EXERCISE DIRECTIONS:
Use the entries below and reproduce exactly the lines from the one containing "N \<supseteq> V\<close>\<close>" down to the one containing "i J \<subseteq>", both of them included.

DATA SHOWN:
== Segment start ==

lemma nowhere_dense_in_closedin_openin:
  assumes U: "openin (top_of_set S) U" and N: "closedin (top_of_set U) N"
    and no_interior: "\<And>V. openin (top_of_set S) V \<Longrightarrow> V \<subseteq> N \<Longrightarrow> V = {}"
  shows "nowhere_dense_in S N"
  unfolding nowhere_dense_in_def
proof (intro conjI allI impI)
  show "N \<subseteq> S"
    using U N by (meson closedin_imp_subset openin_imp_subset subset_trans)
  fix V assume V: "openin (top_of_set S) V \<and> V \<subseteq> S \<inter> closure N"
  obtain T where T: "closed T" "N = U \<inter> T"
    using N by (auto simp: closedin_closed)
  then have "closure N \<subseteq> T"
    by (simp add: closure_minimal)
  then have "V \<inter> U \<subseteq> N"
    using V T(2) by blast
  moreover have "openin (top_of_set S) (V \<inter> U)"
    using V U by (simp add: openin_Int)
  ultimately have VU: "V \<inter> U = {}"
    using no_interior by blast
  obtain Ob where Ob: "open Ob" "V = S \<inter> Ob"
    using V by (auto simp: openin_open)
  \<comment> \<open>\<open>Ob\<close> misses \<open>U \<supseteq> N\<close>, hence misses \<open>closure N \<supseteq> V\<close>\<close>
  have "Ob \<inter> N = {}"
    using VU Ob(2) \<open>N \<subseteq> S\<close> T(2) by blast
  then have "Ob \<inter> closure N = {}"
    using Ob(1) by (simp add: open_Int_closure_eq_empty)
  then show "V = {}"
    using V Ob(2) by blast
qed

lemma residual_in_locally_determined:
  fixes U :: "'i \<Rightarrow> 'a::topological_space set" and S :: "'i \<Rightarrow> 'j \<Rightarrow> 'a set"
  assumes countable_index: "countable I" "countable \<J>" and cover: "B \<subseteq> (\<Union>i\<in>I. U i)"
    and nowhere_dense: "\<And>i J. i \<in> I \<Longrightarrow> J \<in> \<J> \<Longrightarrow> nowhere_dense_in B (S i J)"
    and local: "\<And>i J. i \<in> I \<Longrightarrow> J \<in> \<J> \<Longrightarrow> S i J \<subseteq> U i"
    and determined: "\<And>i b. i \<in> I \<Longrightarrow> b \<in> B \<Longrightarrow> b \<in> U i \<Longrightarrow> P b \<longleftrightarrow> (\<forall>J\<in>\<J>. b \<notin> S i J)"
  shows "residual_in B {b\<in>B. P b}"
  unfolding residual_in_def
proof (intro exI conjI ballI)
  show "countable (\<Union>i\<in>I. S i ` \<J>)"
    using countable_index by (intro countable_UN countable_image)
  show "nowhere_dense_in B N" if "N \<in> (\<Union>i\<in>I. S i ` \<J>)" for N
    using that nowhere_dense by blast
  show "{b\<in>B. P b} = B - \<Union>(\<Union>i\<in>I. S i ` \<J>)"
  proof (intro set_eqI iffI)
    fix b assume "b \<in> {b\<in>B. P b}"
    then have b: "b \<in> B" "P b"
      by simp_all
    have "b \<notin> S i J" if i: "i \<in> I" and J: "J \<in> \<J>" for i J
    proof
      assume bS: "b \<in> S i J"
      then have "b \<in> U i"
        using local[OF i J] by blast
      then have "\<forall>J\<in>\<J>. b \<notin> S i J"
        using determined[OF i b(1)] b(2) by simp
      then show False
        using J bS by blast
    qed
    then show "b \<in> B - \<Union>(\<Union>i\<in>I. S i ` \<J>)"
      using b by blast
  next
    fix b assume b: "b \<in> B - \<Union>(\<Union>i\<in>I. S i ` \<J>)"
    then have bB: "b \<in> B"
      by blast
    then obtain i where i: "i \<in> I" and bU: "b \<in> U i"
      using cover by blast
    have "\<forall>J\<in>\<J>. b \<notin> S i J"
      using b i by blast
    then have "P b"
      using determined[OF i bB bU] by simp
    then show "b \<in> {b\<in>B. P b}"
      using bB by simp
  qed
qed

section \<open>Local trivializations of graph bundles\<close>

definition local_trivialization ::
  "'e::topological_space set \<Rightarrow> 'b::topological_space set \<Rightarrow> ('e \<Rightarrow> 'b) \<Rightarrow>
   'g::topological_space set \<Rightarrow> 'b set \<Rightarrow> ('e \<Rightarrow> 'b \<times> 'g) \<Rightarrow> ('b \<times> 'g \<Rightarrow> 'e) \<Rightarrow> bool" where
  "local_trivialization E B p G U h k \<longleftrightarrow>
     openin (top_of_set B) U \<and> homeomorphism {x\<in>E. p x \<in> U} (U \<times> G) h k \<and>
     (\<forall>x\<in>{x\<in>E. p x \<in> U}. fst (h x) = p x)"

lemma local_trivialization_inverse:
  assumes "local_trivialization E B p G U h k" "b \<in> U" "y \<in> G"
  shows "k (b, y) \<in> E" "p (k (b, y)) = b" "h (k (b, y)) = (b, y)"
proof -
  have hom: "homeomorphism {x\<in>E. p x \<in> U} (U \<times> G) h k"
    and fst_h: "\<forall>x\<in>{x\<in>E. p x \<in> U}. fst (h x) = p x"
    using assms(1) unfolding local_trivialization_def by blast+
  have "(b, y) \<in> U \<times> G"
    using assms(2,3) by simp
  then have k_in: "k (b, y) \<in> {x\<in>E. p x \<in> U}" and hk: "h (k (b, y)) = (b, y)"
    using hom unfolding homeomorphism_def by blast+
  show "k (b, y) \<in> E" "h (k (b, y)) = (b, y)"
    using k_in hk by simp_all
  show "p (k (b, y)) = b"
    using fst_h k_in hk by force
qed

lemma local_trivialization_apply:
  assumes "local_trivialization E B p G U h k" "x \<in> E" "p x \<in> U"
  shows "h x = (p x, snd (h x))" "snd (h x) \<in> G" "k (h x) = x"
proof -
  have hom: "homeomorphism {x\<in>E. p x \<in> U} (U \<times> G) h k"
    and fst_h: "\<forall>x\<in>{x\<in>E. p x \<in> U}. fst (h x) = p x"
    using assms(1) unfolding local_trivialization_def by blast+
  have x: "x \<in> {x\<in>E. p x \<in> U}"
    using assms(2,3) by simp
  show "h x = (p x, snd (h x))"
    using fst_h x by (simp add: prod_eq_iff)
  have "h x \<in> U \<times> G"
    using hom x unfolding homeomorphism_def by blast
  then show "snd (h x) \<in> G"
    by auto
  show "k (h x) = x"
    using hom x unfolding homeomorphism_def by blast
qed

lemma compact_graph_bundle_finite_atlas:
  assumes "compact_graph_bundle E B p G"
  obtains \<D> h k where "finite \<D>" "B \<subseteq> \<Union>\<D>"
    "\<And>U. U \<in> \<D> \<Longrightarrow> local_trivialization E B p G U (h U) (k U)"
proof -
  let ?\<U> = "{U. \<exists>h k. local_trivialization E B p G U h k}"
  have "compact B"
    using assms unfolding compact_graph_bundle_def by blast
  moreover have "\<forall>U\<in>?\<U>. openin (top_of_set B) U"
    unfolding local_trivialization_def by blast
  moreover have "B \<subseteq> \<Union>?\<U>"
    using assms unfolding compact_graph_bundle_def local_trivialization_def by blast
  ultimately obtain \<D> where \<D>: "\<D> \<subseteq> ?\<U>" "finite \<D>" "B \<subseteq> \<Union>\<D>"
    unfolding compact_eq_openin_cover by meson
  then have "\<forall>U\<in>\<D>. \<exists>hk. local_trivialization E B p G U (fst hk) (snd hk)"
    by auto
  then obtain hk where hk: "\<forall>U\<in>\<D>. local_trivialization E B p G U (fst (hk U)) (snd (hk U))"
    by (rule bchoice[THEN exE])
  show thesis
    by (rule that[of \<D> "\<lambda>U. fst (hk U)" "\<lambda>U. snd (hk U)"]) (use \<D> hk in auto)
qed

definition slice_parameters :: "'e set \<Rightarrow> 'b set \<Rightarrow> ('b \<times> 'g \<Rightarrow> 'e) \<Rightarrow> 'g set \<Rightarrow> 'b set" where
  "slice_parameters M U k J = {b\<in>U. \<forall>y\<in>J. k (b, y) \<in> M}"

lemma local_trivialization_fibre_totally_disconnected_iff:
  assumes triv: "local_trivialization E B p G U h k" and b: "b \<in> U" and M: "M \<subseteq> E"
  shows "totally_disconnected {x\<in>M. p x = b} \<longleftrightarrow> totally_disconnected {y\<in>G. k (b, y) \<in> M}"
proof -
  have hom: "homeomorphism {x\<in>E. p x \<in> U} (U \<times> G) h k"
    using triv unfolding local_trivialization_def by blast
  have in_chart: "x \<in> E" "p x \<in> U" if "x \<in> {x\<in>M. p x = b}" for x
    using that M b by auto
  show ?thesis
  proof
    assume "totally_disconnected {x\<in>M. p x = b}"
    then show "totally_disconnected {y\<in>G. k (b, y) \<in> M}"
    proof (rule totally_disconnected_injective_preimage[rotated 3])
      have "continuous_on (U \<times> G) k"
        using hom unfolding homeomorphism_def by blast
      then show "continuous_on {y\<in>G. k (b, y) \<in> M} (\<lambda>y. k (b, y))"
        using b by (auto intro!: continuous_on_compose2[of "U \<times> G" k] continuous_intros)
      show "inj_on (\<lambda>y. k (b, y)) {y\<in>G. k (b, y) \<in> M}"
      proof (rule inj_onI)
        fix y y' assume y: "y \<in> {y\<in>G. k (b, y) \<in> M}" and y': "y' \<in> {y\<in>G. k (b, y) \<in> M}"
          and eq: "k (b, y) = k (b, y')"
        have "(b, y) = h (k (b, y))"
          using local_trivialization_inverse(3)[OF triv b] y by simp
        also have "\<dots> = h (k (b, y'))"
          using eq by simp
        also have "\<dots> = (b, y')"
          using local_trivialization_inverse(3)[OF triv b] y' by simp
        finally show "y = y'"
          by simp
      qed
      show "(\<lambda>y. k (b, y)) ` {y\<in>G. k (b, y) \<in> M} \<subseteq> {x\<in>M. p x = b}"
        using local_trivialization_inverse(2)[OF triv b] by auto
    qed
  next
    assume "totally_disconnected {y\<in>G. k (b, y) \<in> M}"
    then show "totally_disconnected {x\<in>M. p x = b}"
    proof (rule totally_disconnected_injective_preimage[rotated 3])
      have "continuous_on {x\<in>E. p x \<in> U} h"
        using hom unfolding homeomorphism_def by blast
      then show "continuous_on {x\<in>M. p x = b} (\<lambda>x. snd (h x))"
        using in_chart by (auto intro!: continuous_on_snd elim: continuous_on_subset)
      show "inj_on (\<lambda>x. snd (h x)) {x\<in>M. p x = b}"
      proof (rule inj_onI)
        fix x x' assume x: "x \<in> {x\<in>M. p x = b}" and x': "x' \<in> {x\<in>M. p x = b}"
          and eq: "snd (h x) = snd (h x')"
        have "h x = h x'"
          using local_trivialization_apply(1)[OF triv in_chart[OF x]]
            local_trivialization_apply(1)[OF triv in_chart[OF x']] x x' eq by simp
        then show "x = x'"
          using local_trivialization_apply(3)[OF triv in_chart[OF x]]
            local_trivialization_apply(3)[OF triv in_chart[OF x']] by metis
      qed
      show "(\<lambda>x. snd (h x)) ` {x\<in>M. p x = b} \<subseteq> {y\<in>G. k (b, y) \<in> M}"
      proof
        fix y assume "y \<in> (\<lambda>x. snd (h x)) ` {x\<in>M. p x = b}"
        then obtain x where x: "x \<in> {x\<in>M. p x = b}" "y = snd (h x)"
          by blast
        then have "h x = (b, y)" "k (h x) = x" "y \<in> G"
          using local_trivialization_apply[OF triv in_chart[OF x(1)]] by auto
        then show "y \<in> {y\<in>G. k (b, y) \<in> M}"
          using x(1) by auto
      qed
    qed
  qed
qed

lemma local_trivialization_fibre_totally_disconnected_iff_pi_base:
  assumes triv: "local_trivialization E B p G U h k" and G: "is_graph G" "pi_base G \<J>"
    and "M \<subseteq> E" "b \<in> U"
  shows "totally_disconnected {x\<in>M. p x = b} \<longleftrightarrow> (\<forall>J\<in>\<J>. b \<notin> slice_parameters M U k J)"
proof -
  have "totally_disconnected {x\<in>M. p x = b} \<longleftrightarrow> totally_disconnected {y\<in>G. k (b, y) \<in> M}"
    by (rule local_trivialization_fibre_totally_disconnected_iff[OF triv assms(5,4)])
  also have "\<dots> \<longleftrightarrow> (\<forall>W. openin (top_of_set G) W \<and> W \<subseteq> {y\<in>G. k (b, y) \<in> M} \<longrightarrow> W = {})"
    by (rule totally_disconnected_subset_graph_iff[OF G(1)]) blast
  also have "\<dots> \<longleftrightarrow> (\<forall>J\<in>\<J>. \<not> J \<subseteq> {y\<in>G. k (b, y) \<in> M})"
    by (rule pi_base_no_interior_iff[OF G(2)])
  also have "\<dots> \<longleftrightarrow> (\<forall>J\<in>\<J>. b \<notin> slice_parameters M U k J)"
  proof -
    have "J \<subseteq> G" if "J \<in> \<J>" for J
      using G(2) that unfolding pi_base_def by (blast dest: openin_imp_subset)
    then show ?thesis
      using assms(5) unfolding slice_parameters_def by blast
  qed
  finally show ?thesis .
qed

== Segment end ==

ANSWER TO THE EXERCISE:
  \<comment> \<open>\<open>Ob\<close> misses \<open>U \<supseteq> N\<close>, hence misses \<open>closure N \<supseteq> V\<close>\<close>
  have "Ob \<inter> N = {}"
    using VU Ob(2) \<open>N \<subseteq> S\<close> T(2) by blast
  then have "Ob \<inter> closure N = {}"
    using Ob(1) by (simp add: open_Int_closure_eq_empty)
  then show "V = {}"
    using V Ob(2) by blast
qed

lemma residual_in_locally_determined:
  fixes U :: "'i \<Rightarrow> 'a::topological_space set" and S :: "'i \<Rightarrow> 'j \<Rightarrow> 'a set"
  assumes countable_index: "countable I" "countable \<J>" and cover: "B \<subseteq> (\<Union>i\<in>I. U i)"
    and nowhere_dense: "\<And>i J. i \<in> I \<Longrightarrow> J \<in> \<J> \<Longrightarrow> nowhere_dense_in B (S i J)"
    and local: "\<And>i J. i \<in> I \<Longrightarrow> J \<in> \<J> \<Longrightarrow> S i J \<subseteq> U i"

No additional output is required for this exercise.